▼▼▼
lemma inner_max_on_affine_sphere_pinv:
  fixes J :: "real^'m^'k" and e w :: "real^'k"
  defines "Pr \<equiv> J ** pinv J"
  defines "S \<equiv> {e \<bullet> (J *v y - w) | y. norm e * norm (J *v y - w) = 1}"
    and "m \<equiv> norm (Pr *v e) / norm e * sqrt (1 - (norm e)\<^sup>2 * (norm ((mat 1 - Pr) *v w))\<^sup>2)
              - e \<bullet> ((mat 1 - Pr) *v w)"
  assumes e: "e \<noteq> 0" and J: "range ((*v) J) \<noteq> {0}"
    and w: "norm e * norm ((mat 1 - Pr) *v w) \<le> 1"
  shows "m \<in> S" and "\<forall>t\<in>S. t \<le> m"
proof -
  define R where "R = range ((*v) J)"
  define p where "p = (mat 1 - Pr) *v w"
  define r where "r = 1 / norm e"
  have Pr: "orth_projector Pr R" by (simp add: Pr_def R_def orth_projector_mult_pinv)
  have "subspace R" by (simp add: R_def subspace_range_matrix_vector_mult)
  have p: "p = w - Pr *v w" by (simp add: p_def matrix_vector_mult_diff_rdistrib)
  have "J *v y - w = (J *v y - Pr *v w) - p" for y by (simp add: p)
  moreover have "J *v y - Pr *v w \<in> R" for y
    using Pr \<open>subspace R\<close> by (auto simp: R_def orth_projector_def intro: subspace_diff)
  moreover have "\<exists>y. J *v y - Pr *v w = u" if "u \<in> R" for u
  proof -
    have "u + Pr *v w \<in> R" using Pr \<open>subspace R\<close> that by (simp add: orth_projector_def subspace_add)
    then show ?thesis by (auto simp: R_def algebra_simps)
  qed
  moreover have "norm e * norm v = 1 \<longleftrightarrow> norm v = r" for v
    using e by (auto simp: r_def field_simps)
  ultimately have S: "S = {e \<bullet> (u - p) | u. u \<in> R \<and> norm (u - p) = r}"
    unfolding S_def by (metis (no_types, opaque_lifting))
  have "sqrt (r\<^sup>2 - (norm p)\<^sup>2) = sqrt ((1 - (norm e)\<^sup>2 * (norm p)\<^sup>2) / (norm e)\<^sup>2)"
    using e by (simp add: r_def power_divide field_simps)
  then have m: "m = norm (Pr *v e) * sqrt (r\<^sup>2 - (norm p)\<^sup>2) - e \<bullet> p"
    by (simp add: m_def p_def real_sqrt_divide)
  have "R \<noteq> {0}" using J by (simp add: R_def)
  moreover have "Pr *v e \<in> R" using Pr by (simp add: orth_projector_def)
  moreover have "(e - Pr *v e) \<bullet> u = 0" if "u \<in> R" for u
    using orth_projector_residual[OF Pr that] .
  moreover have "p \<bullet> u = 0" if "u \<in> R" for u
    using orth_projector_residual[OF Pr that] by (simp add: p)
  moreover have "norm p \<le> r" using w e by (simp add: p_def r_def field_simps)
  ultimately have "u \<in> R \<Longrightarrow> norm (u - p) = r \<Longrightarrow> e \<bullet> (u - p) \<le> m"
    and "\<exists>u\<in>R. norm (u - p) = r \<and> e \<bullet> (u - p) = m" for u
    using inner_max_on_affine_sphere[OF \<open>subspace R\<close>, of "Pr *v e" e p r] by (simp_all add: m)
  then show "m \<in> S" and "\<forall>t\<in>S. t \<le> m" by (auto simp: S)
qed

theorem lemma17:
  fixes X Z :: "real^'r^'n"
    and w :: "real^('n \<times> 'n)"
  assumes he: "vecm (X ** transpose X - Z ** transpose Z) \<noteq> 0"
    and hs: "sing_val X CARD('r) > 0"
    and hw: "norm (vecm (X ** transpose X - Z ** transpose Z)) *
             norm ((mat 1 - Jmat X ** pinv (Jmat X)) *v w) \<le> 1"
  shows "let e = vecm (X ** transpose X - Z ** transpose Z);
             J = Jmat X;
             P = mat 1 - J ** pinv J;
             Zp = (mat 1 - X ** pinv X) ** Z;
             \<alpha> = frob (Zp ** transpose Zp) / frob (X ** transpose X - Z ** transpose Z);
             S = {e \<bullet> (J *v y - w) | y. norm e * norm (J *v y - w) = 1};
             m = sqrt (1 - \<alpha>\<^sup>2) * sqrt (1 - (norm e)\<^sup>2 * (norm (P *v w))\<^sup>2) - e \<bullet> (P *v w)
         in m \<in> S \<and> (\<forall>t\<in>S. t \<le> m)"
proof -
  define D where "D = X ** transpose X - Z ** transpose Z"
  define J where "J = Jmat X"
  define Zp where "Zp = (mat 1 - X ** pinv X) ** Z"
  have "X \<noteq> 0" using hs by (auto simp: sing_val_zero_full)
  then have J: "range ((*v) J) \<noteq> {0}" unfolding J_def by (rule Jmat_range_nontrivial)
  have "(norm (J ** pinv J *v vecm D))\<^sup>2 = (norm (vecm D))\<^sup>2 - (frob (Zp ** transpose Zp))\<^sup>2"
    using Jmat_projection_norm_squared[of X Z] by (simp add: D_def J_def Zp_def frob_def)
  then have "1 - (frob (Zp ** transpose Zp) / frob D)\<^sup>2
      = (norm (J ** pinv J *v vecm D) / norm (vecm D))\<^sup>2"
    using he by (simp add: D_def frob_def power_divide field_simps)
  then have "sqrt (1 - (frob (Zp ** transpose Zp) / frob D)\<^sup>2)
      = norm (J ** pinv J *v vecm D) / norm (vecm D)"
    by simp
  then show ?thesis
    using inner_max_on_affine_sphere_pinv[of "vecm D" J w] he hw J
    unfolding Let_def D_def[symmetric] J_def[symmetric] Zp_def[symmetric] by simp
qed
▲▲▲
BRIEF:
Read through the material above, and whenever a line contains "ultimately", copy it.

EXERCISE RESULT:
  ultimately have S: "S = {e \<bullet> (u - p) | u. u \<in> R \<and> norm (u - p) = r}"
  ultimately have "u \<in> R \<Longrightarrow> norm (u - p) = r \<Longrightarrow> e \<bullet> (u - p) \<le> m"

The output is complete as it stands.